Family language histories : three generations of Greek Cypriot origin in London

Floka, Nikoula January 2014 (has links)
This thesis investigates in depth three case studies of families of Greek Cypriot origin, bringing up their children in London. Each family consists of three generations: grandparents, parents and children. My aim is to explain why, although the families have similar ethnic and linguistic backgrounds, their children have very different outcomes in terms of language maintenance or shift. My interest in this question arose through my role as teacher in the Greek community language school that all the children attend. I use a qualitative case study approach to explore the linguistic lives of the participants through semi-structured individual interviews with grandparents, parents and children. My study appreciates the complexity and uniqueness of each family and the journey of their languages over the years. I reveal the linguistic experiences of the first generation before and after they migrated from Cyprus to England, and of the second and third generations who were born and grew up in London. I analyse the factors which informed their choices with respect to abandoning their heritage code, or reviving or reinforcing it. Included in my analysis is the important effect of language ideologies on family language policies, made particularly complex by the participants’ diglossic background in which Standard Modern Greek holds more social and political power than the Cypriot dialect.
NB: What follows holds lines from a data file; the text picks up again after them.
lemma weak_conv_Vstat_pow2:
  fixes P :: "'c measure" and \<xi> :: "nat \<Rightarrow> 'c \<Rightarrow> real"
  assumes G: "dyadic_gaussian M X a" and W: "brownian Q B" and P: "prob_space P"
    and xi_indep: "prob_space.indep_vars P (\<lambda>_. borel) \<xi> UNIV"
    and xi_law: "\<And>j. distr P borel (\<xi> j) = distr Q borel (\<lambda>\<omega>. LBINT t=0..1. (B t \<omega>)\<^sup>2)"
  shows "weak_conv_m (\<lambda>m. distr M borel (\<lambda>\<omega>. Vstat a X (2 ^ m) \<omega> / real (vnorm a (2 ^ m))))
        (distr P borel (\<lambda>\<omega>. 3 / 2 * (\<Sum>j. \<xi> j \<omega> / 4 ^ j)))"
proof (rule levy_continuity)
  interpret dyadic_gaussian M X a by (rule G)
  interpret W: brownian Q B by (rule W)
  show "real_distribution (distr M borel (\<lambda>\<omega>. Vstat a X (2 ^ m) \<omega> / real (vnorm a (2 ^ m))))" for m
    using Vstat_meas by (intro real_distribution_distr borel_measurable_divide) auto
  show "real_distribution (distr P borel (\<lambda>\<omega>. 3 / 2 * (\<Sum>j. \<xi> j \<omega> / 4 ^ j)))"
    by (rule limit_series_char(1)[OF W P xi_indep xi_law])
  fix t :: real
  define v where "v m = real (vnorm a (2 ^ m))" for m
  define A where "A m = (\<Prod>j<m. CLINT \<omega>|Q. iexp (t / v m * (real (2^(m - Suc j)))\<^sup>2
                                                * W.riemann_sq (2^(m - Suc j)) \<omega>))" for m
  define C where "C m = (\<Prod>j<m. CLINT \<omega>|Q. iexp (t * (3 / 2) * (1 / 4) ^ j * W.int_sq \<omega>))" for m
  define e where "e m = char (distr M borel (\<lambda>\<omega>. (X (2^m) \<omega>)\<^sup>2)) (t / v m)" for m
  have char_eq: "char (distr M borel (\<lambda>\<omega>. Vstat a X (2 ^ m) \<omega> / v m)) t = A m * e m" for m
  proof -
    have "(\<Prod>p<m. char (distr M borel (block_stat p)) (t / v m))
        = (\<Prod>p<m. CLINT \<omega>|Q. iexp (t / v m * ((real (2^p))\<^sup>2 * W.riemann_sq (2^p) \<omega>)))"
      by (intro prod.cong refl char_block_stat[OF G W])
    also have "\<dots> = A m" unfolding A_def
      by (rule prod.reindex_bij_witness[of _ "\<lambda>p. m - Suc p" "\<lambda>j. m - Suc j"]) (auto simp: mult.assoc)
    finally show ?thesis unfolding e_def by (simp add: char_Vstat_pow2)
  qed
  have "(\<lambda>m. A m - C m) \<longlonglongrightarrow> 0"
    unfolding A_def C_def v_def by (rule W.block_char_prod_limit[OF a_def])
  moreover have "C \<longlonglongrightarrow> char (distr P borel (\<lambda>\<omega>. 3 / 2 * (\<Sum>j. \<xi> j \<omega> / 4 ^ j))) t"
    unfolding C_def by (rule limit_series_char(2)[OF W P xi_indep xi_law])
  moreover have "e \<longlonglongrightarrow> 1"
    unfolding e_def v_def by (rule char_X_sq_vanishing[OF inv_vnorm_pow2_lim[OF a_def]])
  ultimately have "(\<lambda>m. ((A m - C m) + C m) * e m)
      \<longlonglongrightarrow> (0 + char (distr P borel (\<lambda>\<omega>. 3 / 2 * (\<Sum>j. \<xi> j \<omega> / 4 ^ j))) t) * 1"
    by (intro tendsto_intros)
  then show "(\<lambda>m. char (distr M borel (\<lambda>\<omega>. Vstat a X (2 ^ m) \<omega> / real (vnorm a (2 ^ m)))) t)
      \<longlonglongrightarrow> char (distr P borel (\<lambda>\<omega>. 3 / 2 * (\<Sum>j. \<xi> j \<omega> / 4 ^ j))) t"
    using char_eq unfolding v_def by simp
qed

section \<open>Non-consistency\<close>

context dyadic_gaussian
begin

text \<open>For H = 2^q consider n = 4H - 1. On the block [2H, 4H) every W_i with i \<ge> 3H equals
  T + (X_(3H) + ... + X_i), where T is the sum over [2H, 3H); G collects the remaining
  partial sums.\<close>

definition mid_sum :: "nat \<Rightarrow> 'a \<Rightarrow> real" where
  "mid_sum q \<omega> = (\<Sum>j\<in>{2 * 2^q..<3 * 2^q}. X j \<omega>)"

definition tail_sum :: "nat \<Rightarrow> 'a \<Rightarrow> real" where
  "tail_sum q \<omega> = (\<Sum>i\<in>{3 * 2^q..<4 * 2^q}. \<Sum>j\<in>{3 * 2^q..i}. X j \<omega>)"

text \<open>Expanding (T + \<dots>)^2 over the last quarter of the block: V_n \<ge> H T^2 + 2 T G.\<close>

lemma Vstat_lower_bound:
  "real (2^q) * (mid_sum q \<omega>)\<^sup>2 + 2 * mid_sum q \<omega> * tail_sum q \<omega> \<le> Vstat a X (4 * 2^q - 1) \<omega>"
proof -
  define H :: nat where "H = 2^q"
  have H1: "1 \<le> H" by (simp add: H_def)
  have W: "Wsum a X i \<omega> = mid_sum q \<omega> + (\<Sum>j\<in>{3 * H..i}. X j \<omega>)" if i: "i \<in> {3*H..<4*H}" for i
  proof -
    have "Wsum a X i \<omega> = (\<Sum>j=2^(Suc q)..i. X j \<omega>)"
      by (rule Wsum_dyadic) (use i in \<open>auto simp: H_def\<close>)
    also have "\<dots> = (\<Sum>j\<in>{2*H..<3*H}. X j \<omega>) + (\<Sum>j\<in>{3*H..<Suc i}. X j \<omega>)"
      using i by (simp add: H_def atLeastLessThanSuc_atLeastAtMost[symmetric] sum.atLeastLessThan_concat)
    finally show ?thesis by (simp add: mid_sum_def H_def atLeastLessThanSuc_atLeastAtMost)
  qed
  have "real H * (mid_sum q \<omega>)\<^sup>2 + 2 * mid_sum q \<omega> * tail_sum q \<omega> =
      (\<Sum>i\<in>{3*H..<4*H}. (mid_sum q \<omega>)\<^sup>2 + 2 * mid_sum q \<omega> * (\<Sum>j\<in>{3 * H..i}. X j \<omega>))"
    by (simp add: sum.distrib tail_sum_def H_def sum_distrib_left)
  also have "\<dots> \<le> (\<Sum>i\<in>{3*H..<4*H}. (Wsum a X i \<omega>)\<^sup>2)"
    by (intro sum_mono) (simp add: W power2_eq_square algebra_simps)
  also have "\<dots> \<le> (\<Sum>i\<in>{1..4*H - 1}. (Wsum a X i \<omega>)\<^sup>2)"
    by (rule sum_mono2) (use H1 in auto)
  finally show ?thesis unfolding Vstat_def H_def .
qed

lemma mid_sum_meas: "mid_sum q \<in> borel_measurable M"
  unfolding mid_sum_def[abs_def]
  by (intro borel_measurable_sum X_meas) (simp add: Suc_le_eq)

lemma tail_sum_meas: "tail_sum q \<in> borel_measurable M"
  unfolding tail_sum_def[abs_def]
  by (intro borel_measurable_sum X_meas) (auto intro: order_trans[rotated] simp: Suc_le_eq)

lemma mid_sum_normal: "distributed M lborel (\<lambda>\<omega>. mid_sum q \<omega> / sqrt (real (2^q))) std_normal_density"
proof -
  define A where "A = {2 * 2^q..<3 * (2::nat)^q}"
  have A1: "A \<subseteq> {1..}" unfolding A_def using one_le_power[of 2 q] by auto
  have "distributed M lborel (\<lambda>x. \<Sum>i\<in>A. X i x) (normal_density (\<Sum>i\<in>A. 0) (sqrt (\<Sum>i\<in>A. 1\<^sup>2)))"
  proof (rule sum_indep_normal)
    show "finite A" "A \<noteq> {}" unfolding A_def by auto
    show "indep_vars (\<lambda>i. borel) X A" by (rule indep_vars_subset[OF X_indep A1])
    show "\<And>i. i \<in> A \<Longrightarrow> distributed M lborel (X i) (normal_density 0 1)"
      using A1 X_normal by auto
  qed simp
  then have "distributed M lborel (mid_sum q) (normal_density 0 (sqrt (real (2^q))))"
    unfolding mid_sum_def[abs_def] A_def[symmetric] by (simp add: A_def)
  then show ?thesis using normal_standard_normal_convert[of "sqrt (real (2^q))" "mid_sum q" 0] by simp
qed

lemma prob_mid_sum:
  assumes S: "S \<in> sets borel"
  shows "prob {\<omega> \<in> space M. mid_sum q \<omega> / sqrt (real (2^q)) \<in> S} = measure std_normal_measure S"
proof -
  let ?N = "\<lambda>\<omega>. mid_sum q \<omega> / sqrt (real (2^q))"
  have "measure (distr M lborel ?N) S = prob (?N -` S \<inter> space M)"
    by (rule measure_distr[OF distributed_measurable[OF mid_sum_normal]]) (use S in simp)
  moreover have "distr M lborel ?N = std_normal_measure"
    using distributed_distr_eq_density[OF mid_sum_normal] unfolding std_normal_measure_def .
  moreover have "?N -` S \<inter> space M = {\<omega> \<in> space M. ?N \<omega> \<in> S}" by auto
  ultimately show ?thesis by simp
qed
Through the in-depth analysis of my participants’ accounts, the concept of ‘family language history’ emerges as an explanatory tool. This concept involves the inter-relationship between language ideologies as they are created and contested within particular socio-political circumstances, and the decisions taken by each generation about which code should be used in specific contexts within the family and the wider society. I draw on Bourdieu’s theoretical ideas about symbolic domination and the convertibility of linguistic capital into other forms of capital, and the concept of counter-hegemony, to explain how my participants negotiate the maintenance of the two varieties of their heritage language in an English-dominant society.